● Supplied material:

+ + +

(* Let $\emptyset\neq H\subset\mathbb R^n$, let $A\colon[0,\infty)\to\mathbb R^{n\times n}$ and $f\colon[0,\infty)\times\mathbb R^n\to\mathbb R^n$ be continuous, and suppose that $x'=A(t)x$ has an exponential contraction or an exponential expansion on $[0,\infty)$ with constants $N,\lambda>0$. Suppose there exist $\delta,L>0$ such that $|f(t,x_1)-f(t,x_2)|\le L|x_1-x_2|$ for all $t\ge0$ and $x_1,x_2\in\mathcal N_\delta(H)$. If $L<\dfrac{\lambda}{N}$, then $x'=A(t)x+f(t,x)$ has the conditional Lipschitz shadowing property in $H$.
   Context: $|\cdot|$ is a fixed norm on $\mathbb R^n$ and also denotes the induced matrix norm. $B_\delta(x)=\{y:|y-x|\le\delta\}$ and $\mathcal N_\delta(H)=\bigcup_{x\in H}B_\delta(x)$. For continuous $g\colon[0,\infty)\times\mathbb R^n\to\mathbb R^n$ and $\tau\in(0,\infty]$, a pseudosolution of $x'=g(t,x)$ on $[0,\tau)$ is a $C^1$ map $y\colon[0,\tau)\to\mathbb R^n$ with $\sigma_y:=\sup_{0\le t<\tau}|y'(t)-g(t,y(t))|<\infty$. The equation has the conditional Lipschitz shadowing property in $H\neq\emptyset$ if there exist $\varepsilon_0,\kappa>0$ such that whenever $0<\varepsilon\le\varepsilon_0$ and $y$ is a pseudosolution on $[0,\tau)$ ($\tau\in(0,\infty]$) with $\sigma_y\le\varepsilon$ and $y(t)\in H$ for all $t\in[0,\tau)$, there is a solution $x$ on $[0,\tau)$ with $\sup_{0\le t<\tau}|x(t)-y(t)|\le\kappa\varepsilon$. With $T(t,s)$ the transition matrix of $x'=A(t)x$: an exponential dichotomy on $[0,\infty)$ consists of projections $P(t)$ and constants $N,\lambda>0$ with $P(t)T(t,s)=T(t,s)P(s)$, $|T(t,s)P(s)|\le Ne^{-\lambda(t-s)}$ for $t\ge s\ge0$, and $|T(t,s)(I-P(s))|\le Ne^{-\lambda(s-t)}$ for $0\le t\le s$. It is an exponential contraction if moreover $P(t)=I$ for all $t$, and an exponential expansion if $P(t)=0$ for all $t$. *)

theory Defs
  imports "HOL-Analysis.Analysis"
begin

definition is_norm :: "(real^'n \<Rightarrow> real) \<Rightarrow> bool" where
  "is_norm nrm \<longleftrightarrow>
     (\<forall>x. 0 \<le> nrm x) \<and> (\<forall>x. nrm x = 0 \<longleftrightarrow> x = 0) \<and>
     (\<forall>c x. nrm (c *\<^sub>R x) = \<bar>c\<bar> * nrm x) \<and>
     (\<forall>x y. nrm (x + y) \<le> nrm x + nrm y)"

definition mnorm :: "(real^'n \<Rightarrow> real) \<Rightarrow> real^'n^'n \<Rightarrow> real" where
  "mnorm nrm M = (SUP x\<in>{x. nrm x = 1}. nrm (M *v x))"

definition nbhd :: "(real^'n \<Rightarrow> real) \<Rightarrow> real \<Rightarrow> (real^'n) set \<Rightarrow> (real^'n) set" where
  "nbhd nrm \<delta> H = {y. \<exists>x\<in>H. nrm (y - x) \<le> \<delta>}"

definition is_transition_matrix ::
  "(real \<Rightarrow> real^'n^'n) \<Rightarrow> (real \<Rightarrow> real \<Rightarrow> real^'n^'n) \<Rightarrow> bool" where
  "is_transition_matrix A T \<longleftrightarrow>
     (\<forall>s\<ge>0. T s s = mat 1 \<and>
        (\<forall>t\<ge>0. ((\<lambda>r. T r s) has_vector_derivative (A t ** T t s)) (at t within {0..})))"

definition exp_dichotomy ::
  "(real^'n \<Rightarrow> real) \<Rightarrow> (real \<Rightarrow> real \<Rightarrow> real^'n^'n) \<Rightarrow> (real \<Rightarrow> real^'n^'n)
    \<Rightarrow> real \<Rightarrow> real \<Rightarrow> bool" where
  "exp_dichotomy nrm T P N lam \<longleftrightarrow> N > 0 \<and> lam > 0 \<and>
     (\<forall>t\<ge>0. P t ** P t = P t) \<and>
     (\<forall>t\<ge>0. \<forall>s\<ge>0. P t ** T t s = T t s ** P s) \<and>
     (\<forall>t s. 0 \<le> s \<and> s \<le> t \<longrightarrow> mnorm nrm (T t s ** P s) \<le> N * exp (- lam * (t - s))) \<and>
     (\<forall>t s. 0 \<le> t \<and> t \<le> s \<longrightarrow> mnorm nrm (T t s ** (mat 1 - P s)) \<le> N * exp (- lam * (s - t)))"

definition exp_contraction where
  "exp_contraction nrm T N lam \<longleftrightarrow> exp_dichotomy nrm T (\<lambda>_. mat 1) N lam"

definition exp_expansion where
  "exp_expansion nrm T N lam \<longleftrightarrow> exp_dichotomy nrm T (\<lambda>_. 0) N lam"

definition ival :: "ereal \<Rightarrow> real set" where
  "ival \<tau> = {t. 0 \<le> t \<and> ereal t < \<tau>}"

text \<open>y is a C^1 pseudosolution of x' = g(t,x) on [0,\<tau>) with derivative y' and
  \<sigma>_y \<le> \<epsilon> (the supremum bound written pointwise).\<close>
definition pseudosol_le ::
  "(real^'n \<Rightarrow> real) \<Rightarrow> (real \<Rightarrow> real^'n \<Rightarrow> real^'n) \<Rightarrow> ereal \<Rightarrow> real
    \<Rightarrow> (real \<Rightarrow> real^'n) \<Rightarrow> bool" where
  "pseudosol_le nrm g \<tau> \<epsilon> y \<longleftrightarrow>
     (\<exists>y'. continuous_on (ival \<tau>) y' \<and>
        (\<forall>t\<in>ival \<tau>. (y has_vector_derivative y' t) (at t within ival \<tau>)) \<and>
        (\<forall>t\<in>ival \<tau>. nrm (y' t - g t (y t)) \<le> \<epsilon>))"

definition is_solution ::
  "(real \<Rightarrow> real^'n \<Rightarrow> real^'n) \<Rightarrow> ereal \<Rightarrow> (real \<Rightarrow> real^'n) \<Rightarrow> bool" where
  "is_solution g \<tau> x \<longleftrightarrow>
     (\<forall>t\<in>ival \<tau>. (x has_vector_derivative g t (x t)) (at t within ival \<tau>))"

definition cond_lip_shadowing ::
  "(real^'n \<Rightarrow> real) \<Rightarrow> (real \<Rightarrow> real^'n \<Rightarrow> real^'n) \<Rightarrow> (real^'n) set \<Rightarrow> bool" where
  "cond_lip_shadowing nrm g H \<longleftrightarrow>
     (\<exists>\<epsilon>0 \<kappa>. \<epsilon>0 > 0 \<and> \<kappa> > 0 \<and>
        (\<forall>\<epsilon> \<tau> y. 0 < \<epsilon> \<and> \<epsilon> \<le> \<epsilon>0 \<and> \<tau> > 0 \<and> pseudosol_le nrm g \<tau> \<epsilon> y \<and>
            (\<forall>t\<in>ival \<tau>. y t \<in> H) \<longrightarrow>
          (\<exists>x. is_solution g \<tau> x \<and> (\<forall>t\<in>ival \<tau>. nrm (x t - y t) \<le> \<kappa> * \<epsilon>))))"

end

theory Submission
  imports Defs
begin

text \<open>
  Look for the shadowing solution as \<open>x = y + z\<close>. Then \<open>z\<close> must solve \<open>z' = A(t) z + P z\<close> with
  \<open>P z = f(t, y + z) - f(t, y) - (y' - A(t) y - f(t, y))\<close>; on functions with \<open>|z| \<le> R \<le> \<delta>\<close> this
  forcing is bounded by \<open>L R + \<epsilon>\<close> and is \<open>L\<close>-Lipschitz in \<open>z\<close>. Under an exponential contraction
  the variation-of-constants solution starting at \<open>0\<close>, under an exponential expansion the one whose
  initial value cancels the growing part, is bounded by \<open>N/\<lambda>\<close> times the supremum of the forcing.
  Hence \<open>z\<close> \<mapsto> (this bounded solution with forcing \<open>P z\<close>) maps the ball of radius
  \<open>R = N \<epsilon> / (\<lambda> - N L)\<close> into itself and contracts with factor \<open>N L / \<lambda> < 1\<close>; its fixed point
  gives the shadowing solution, with \<open>\<kappa> = N / (\<lambda> - N L)\<close>.
\<close>

section \<open>Norms on \<open>R^n\<close>\<close>

locale vector_norm =
  fixes nrm :: "real^'n \<Rightarrow> real"
  assumes is_norm: "is_norm nrm"
begin

lemma nrm_nonneg: "0 \<le> nrm x"
  using is_norm unfolding is_norm_def by blast

lemma nrm_eq_0_iff: "nrm x = 0 \<longleftrightarrow> x = 0"
  using is_norm unfolding is_norm_def by blast

lemma nrm_zero [simp]: "nrm 0 = 0"
  using nrm_eq_0_iff by blast

lemma nrm_pos: "x \<noteq> 0 \<Longrightarrow> 0 < nrm x"
  using nrm_nonneg nrm_eq_0_iff by (metis less_eq_real_def)

lemma nrm_scaleR: "nrm (c *\<^sub>R x) = \<bar>c\<bar> * nrm x"
  using is_norm unfolding is_norm_def by blast

lemma nrm_triangle: "nrm (x + y) \<le> nrm x + nrm y"
  using is_norm unfolding is_norm_def by blast

lemma nrm_minus: "nrm (- x) = nrm x"
  using nrm_scaleR[of "-1" x] by simp

lemma nrm_minus_commute: "nrm (x - y) = nrm (y - x)"
  using nrm_minus[of "x - y"] by simp

lemma nrm_triangle_diff: "nrm (x - z) \<le> nrm (x - y) + nrm (y - z)"
  using nrm_triangle[of "x - y" "y - z"] by simp

lemma nrm_sum_le: "nrm (sum f S) \<le> (\<Sum>i\<in>S. nrm (f i))"
proof (induction S rule: infinite_finite_induct)
  case (insert x F)
  then show ?case using nrm_triangle[of "f x" "sum f F"] by simp
qed auto

lemma nrm_le_norm: "\<exists>C>0. \<forall>x. nrm x \<le> C * norm x"
proof -
  define C where "C = (\<Sum>b\<in>(Basis::(real^'n) set). nrm b) + 1"
  have "nrm x \<le> C * norm x" for x
  proof -
    have "nrm x = nrm (\<Sum>b\<in>Basis. (x \<bullet> b) *\<^sub>R b)" by (simp add: euclidean_representation)
    also have "\<dots> \<le> (\<Sum>b\<in>Basis. \<bar>x \<bullet> b\<bar> * nrm b)"
      using nrm_sum_le[of "\<lambda>b. (x \<bullet> b) *\<^sub>R b" Basis] by (simp add: nrm_scaleR)
    also have "\<dots> \<le> (\<Sum>b\<in>Basis. norm x * nrm b)"
      by (intro sum_mono mult_right_mono) (auto simp: Basis_le_norm nrm_nonneg)
    also have "\<dots> \<le> C * norm x" by (simp add: C_def sum_distrib_left algebra_simps)
    finally show ?thesis .
  qed
  moreover have "C > 0" unfolding C_def by (simp add: add_nonneg_pos sum_nonneg nrm_nonneg)
  ultimately show ?thesis by blast
qed

lemma continuous_on_nrm: "continuous_on UNIV nrm"
proof -
  obtain C where C: "C > 0" "\<forall>x. nrm x \<le> C * norm x" using nrm_le_norm by blast
  have "\<bar>nrm x - nrm y\<bar> \<le> C * dist x y" for x y
    using nrm_triangle_diff[of x 0 y] nrm_triangle_diff[of y 0 x] nrm_minus_commute[of x y]
      C(2)[rule_format, of "x - y"]
    by (auto simp: dist_norm abs_le_iff)
  then show ?thesis
    by (intro lipschitz_on_continuous_on[of C] lipschitz_onI)
       (auto simp: dist_real_def C less_imp_le)
qed

lemma isCont_nrm: "isCont nrm x"
  using continuous_on_nrm continuous_on_eq_continuous_at open_UNIV by blast

lemma continuous_on_nrm_comp: "continuous_on S g \<Longrightarrow> continuous_on S (\<lambda>s. nrm (g s))"
  using continuous_on_compose2[OF continuous_on_nrm _ subset_UNIV] by blast

lemma norm_le_nrm: "\<exists>m>0. \<forall>x. norm x \<le> nrm x / m"
proof -
  have "sphere (0::real^'n) 1 \<noteq> {}"
    using sphere_eq_empty[of "0::real^'n" 1] by simp
  then obtain u where u: "u \<in> sphere 0 1" "\<forall>y\<in>sphere 0 1. nrm u \<le> nrm y"
    using continuous_attains_inf[OF compact_sphere _ continuous_on_subset[OF continuous_on_nrm]]
    by blast
  have m: "nrm u > 0" using u(1) by (intro nrm_pos) auto
  have "nrm u * norm x \<le> nrm x" for x
  proof (cases "x = 0")
    case False
    hence "nrm u \<le> nrm ((1 / norm x) *\<^sub>R x)" using u by simp
    thus ?thesis using False by (simp add: nrm_scaleR field_simps)
  qed simp
  with m show ?thesis by (intro exI[of _ "nrm u"]) (auto simp: field_simps mult.commute)
qed

lemma nrm_matrix_vector_mult_le: "nrm (M *v x) \<le> mnorm nrm M * nrm x"
proof (cases "x = 0")
  case False
  obtain C where C: "C > 0" "\<forall>x. nrm x \<le> C * norm x" using nrm_le_norm by blast
  obtain m where m: "m > 0" "\<forall>x. norm x \<le> nrm x / m" using norm_le_nrm by blast
  have bdd: "bdd_above ((\<lambda>u. nrm (M *v u)) ` {u. nrm u = 1})"
  proof (rule bdd_aboveI2)
    fix u assume "u \<in> {u. nrm u = 1}"
    hence "norm u \<le> 1 / m" using m(2)[rule_format, of u] by simp
    have "nrm (M *v u) \<le> C * norm (M *v u)" using C by blast
    also have "\<dots> \<le> C * (onorm ((*v) M) * norm u)"
      using C(1) onorm[OF matrix_vector_mul_bounded_linear, of M u] by (intro mult_left_mono) auto
    also have "\<dots> \<le> C * (onorm ((*v) M) * (1 / m))"
      using \<open>norm u \<le> 1 / m\<close> C(1) onorm_pos_le[OF matrix_vector_mul_bounded_linear]
      by (intro mult_left_mono) auto
    finally show "nrm (M *v u) \<le> C * onorm ((*v) M) * (1 / m)" by (simp add: mult.assoc)
  qed
  define u where "u = (1 / nrm x) *\<^sub>R x"
  have "nrm u = 1" using nrm_pos[OF False] by (simp add: u_def nrm_scaleR)
  hence "nrm (M *v u) \<le> mnorm nrm M"
    unfolding mnorm_def by (intro cSUP_upper bdd) auto
  moreover have "M *v x = nrm x *\<^sub>R (M *v u)"
    using nrm_pos[OF False] by (simp add: u_def matrix_vector_mult_scaleR)
  ultimately show ?thesis
    using nrm_pos[OF False] by (simp add: nrm_scaleR mult.commute)
qed simp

+ + +

● What to produce: Using the data above, return every line that contains the string "define".

● Task result:
  define C where "C = (\<Sum>b\<in>(Basis::(real^'n) set). nrm b) + 1"
  define u where "u = (1 / nrm x) *\<^sub>R x"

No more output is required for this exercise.